Our observations also highlight the importance of using IPDA-BC with both subtype B and C primers in the ddPCR reaction as-is: We showed that modifying IPDA-BC by removing the subtype B primers in the ddPCR reaction mix when applying the assay to subtype C samples reduced the predicted capture success. Likewise, modifying IPDA-BC by removing the subtype C primers in the ddPCR reaction mix when applying the assay to subtype B samples also reduced the predicted capture success.

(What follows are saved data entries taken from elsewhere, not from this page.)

(* Let $G$ be a finite group. Then every self-homotopy equivalence of the quasi-schemoid $\widetilde{S}(\imath G)=(\widetilde{\imath G},\{\mathcal{G}_s\}_{s\in G})$ is an isomorphism.
   Context: For a groupoid $\mathcal{H}$, the quasi-schemoid $\widetilde{S}(\mathcal{H})=(\widetilde{\mathcal{H}},S)$ has $ob(\widetilde{\mathcal{H}})=mor(\mathcal{H})$, $\mathrm{Hom}_{\widetilde{\mathcal{H}}}(g,h)=\{(h,g)\}$ if $t(h)=t(g)$ and empty otherwise (composition $(k,h)\circ(h,g)=(k,g)$), and partition $S=\{\mathcal{G}_f\}_{f\in mor(\mathcal{H})}$ with $\mathcal{G}_f=\{(k,l)\mid k^{-1}l=f\}$. For a group $G$, $\imath G$ is $G$ regarded as a groupoid with one object; thus objects of $\widetilde{\imath G}$ are elements of $G$, there is exactly one morphism $(h,g)\colon g\to h$ for all $g,h$, and $\mathcal{G}_s=\{(k,l)\mid k^{-1}l=s\}$. A morphism of quasi-schemoids is a functor sending each block of the source partition into some block of the target partition. Product: $(\mathcal{C},S)\times(\mathcal{E},S')=(\mathcal{C}\times\mathcal{E},\{\sigma\times\tau\})$. $[1]$ has objects $0,1$ and one non-identity morphism $0\to1$; $I=([1],\{\{f\}\}_{f})$. A homotopy $H\colon F\Rightarrow G$ is a morphism $H\colon(\mathcal{C},S)\times I\to(\mathcal{D},S')$ with $H\circ\varepsilon_0=F$, $H\circ\varepsilon_1=G$ ($\varepsilon_i(a)=(a,i)$, $\varepsilon_i(f)=(f,1_i)$). $F\sim G$ means there is a homotopy $F\Rightarrow G$ or $G\Rightarrow F$; $F\simeq G$ means a finite chain $F=F_0\sim\cdots\sim F_n=G$. A self-homotopy equivalence of $A$ is a morphism $F\colon A\to A$ for which there is $G'\colon A\to A$ with $FG'\simeq1$ and $G'F\simeq1$. *)

theory Defs
  imports "HOL-Algebra.Group"
begin

text \<open>A (small) category equipped with a partition of its morphisms (quasi-schemoid data).
  cmp g f denotes the composite g o f (defined when tgt f = src g).\<close>
record ('o, 'm) qsch =
  obs :: "'o set"
  mors :: "'m set"
  src :: "'m \<Rightarrow> 'o"
  tgt :: "'m \<Rightarrow> 'o"
  cmp :: "'m \<Rightarrow> 'm \<Rightarrow> 'm"
  idm :: "'o \<Rightarrow> 'm"
  blocks :: "'m set set"

type_synonym ('o1, 'm1, 'o2, 'm2) qfun = "('o1 \<Rightarrow> 'o2) \<times> ('m1 \<Rightarrow> 'm2)"

definition is_functor :: "('o1,'m1) qsch \<Rightarrow> ('o2,'m2) qsch \<Rightarrow> ('o1,'m1,'o2,'m2) qfun \<Rightarrow> bool" where
  "is_functor C D F \<longleftrightarrow>
     (\<forall>a\<in>obs C. fst F a \<in> obs D) \<and>
     (\<forall>f\<in>mors C. snd F f \<in> mors D \<and> src D (snd F f) = fst F (src C f)
                   \<and> tgt D (snd F f) = fst F (tgt C f)) \<and>
     (\<forall>f\<in>mors C. \<forall>g\<in>mors C. tgt C f = src C g \<longrightarrow>
                   snd F (cmp C g f) = cmp D (snd F g) (snd F f)) \<and>
     (\<forall>a\<in>obs C. snd F (idm C a) = idm D (fst F a))"

definition qs_morph :: "('o1,'m1) qsch \<Rightarrow> ('o2,'m2) qsch \<Rightarrow> ('o1,'m1,'o2,'m2) qfun \<Rightarrow> bool" where
  "qs_morph C D F \<longleftrightarrow> is_functor C D F \<and> (\<forall>\<sigma>\<in>blocks C. \<exists>\<tau>\<in>blocks D. snd F ` \<sigma> \<subseteq> \<tau>)"

definition qf_comp :: "('o2,'m2,'o3,'m3) qfun \<Rightarrow> ('o1,'m1,'o2,'m2) qfun \<Rightarrow> ('o1,'m1,'o3,'m3) qfun" where
  "qf_comp G F = (fst G \<circ> fst F, snd G \<circ> snd F)"

definition qf_id :: "('o,'m,'o,'m) qfun" where
  "qf_id = (id, id)"

definition qf_eq :: "('o1,'m1) qsch \<Rightarrow> ('o1,'m1,'o2,'m2) qfun \<Rightarrow> ('o1,'m1,'o2,'m2) qfun \<Rightarrow> bool" where
  "qf_eq C F G \<longleftrightarrow> (\<forall>a\<in>obs C. fst F a = fst G a) \<and> (\<forall>f\<in>mors C. snd F f = snd G f)"

definition qs_prod :: "('o1,'m1) qsch \<Rightarrow> ('o2,'m2) qsch \<Rightarrow> ('o1 \<times> 'o2, 'm1 \<times> 'm2) qsch" where
  "qs_prod C E = \<lparr> obs = obs C \<times> obs E, mors = mors C \<times> mors E,
     src = (\<lambda>(f,g). (src C f, src E g)), tgt = (\<lambda>(f,g). (tgt C f, tgt E g)),
     cmp = (\<lambda>(f,g) (f',g'). (cmp C f f', cmp E g g')),
     idm = (\<lambda>(a,b). (idm C a, idm E b)),
     blocks = {\<sigma> \<times> \<tau> | \<sigma> \<tau>. \<sigma> \<in> blocks C \<and> \<tau> \<in> blocks E} \<rparr>"

text \<open>The interval I: category [1] (objects 0,1; morphisms (i,j) : i -> j with i \<le> j),
  with the discrete partition into singletons.\<close>
definition qs_I :: "(nat, nat \<times> nat) qsch" where
  "qs_I = \<lparr> obs = {0, 1}, mors = {(0,0), (1,1), (0,1)},
     src = fst, tgt = snd, cmp = (\<lambda>(j,k) (i,j'). (i,k)), idm = (\<lambda>i. (i,i)),
     blocks = {{f} | f. f \<in> {(0::nat,0::nat), (1,1), (0,1)}} \<rparr>"

definition qs_eps :: "nat \<Rightarrow> ('o, 'm, 'o \<times> nat, 'm \<times> (nat \<times> nat)) qfun" where
  "qs_eps i = ((\<lambda>a. (a, i)), (\<lambda>f. (f, (i, i))))"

Based on our findings in this study, the higher rate of sequence mismatches with primers/probes could result in an underestimation of total and intact proviral load. Consequently, there may be a higher proportion of negative results (assay failure) in clinical subtype C samples obtained from India compared to those from South Africa. However, the magnitude of underestimation is likely to vary across donors and geographic regions. For example, even within the same region, proviral sequence diversity is expected to be higher in individuals who experienced prolonged viremia than in those who initiated ART during acute infection (e.g., FRESH cohort [13,26] and the cohort in [27]). This is further complicated by the degree of nucleotide mismatches between the viral strain within each individual and the IPDA-BC primers/probes. Our findings may also have implications in IPDA-derived intact/defective proviral genome ratio values. For instance, if more intact viruses contain env regions with primer/probe mismatches in Indian samples relative to South African samples but this bias is absent in defective genomes, there would be an inflation of the defective/intact proviral genome ratio in Indian samples. To address this concern, large-scale full-length proviral sequencing of Indian samples is required; however, such a database does not currently exist. We therefore urge future studies to generate such data. These considerations reflect the inherent nature of the IPDA design: the presence of double-positive psi and env signals represents a high likelihood of genome-intact proviruses, whereas the absence of a signal may indicate either true absence or it can be an indicator of primer/probe mismatches [28]. In this context, the assay is best suited for longitudinal monitoring of changes in intact reservoir size within an individual, as reservoir diversity is expected to remain relatively comparable across time points within the same donor on suppressive therapy. Accordingly, IPDA double-positive signals should be interpreted as the minimal estimate of intact proviral load.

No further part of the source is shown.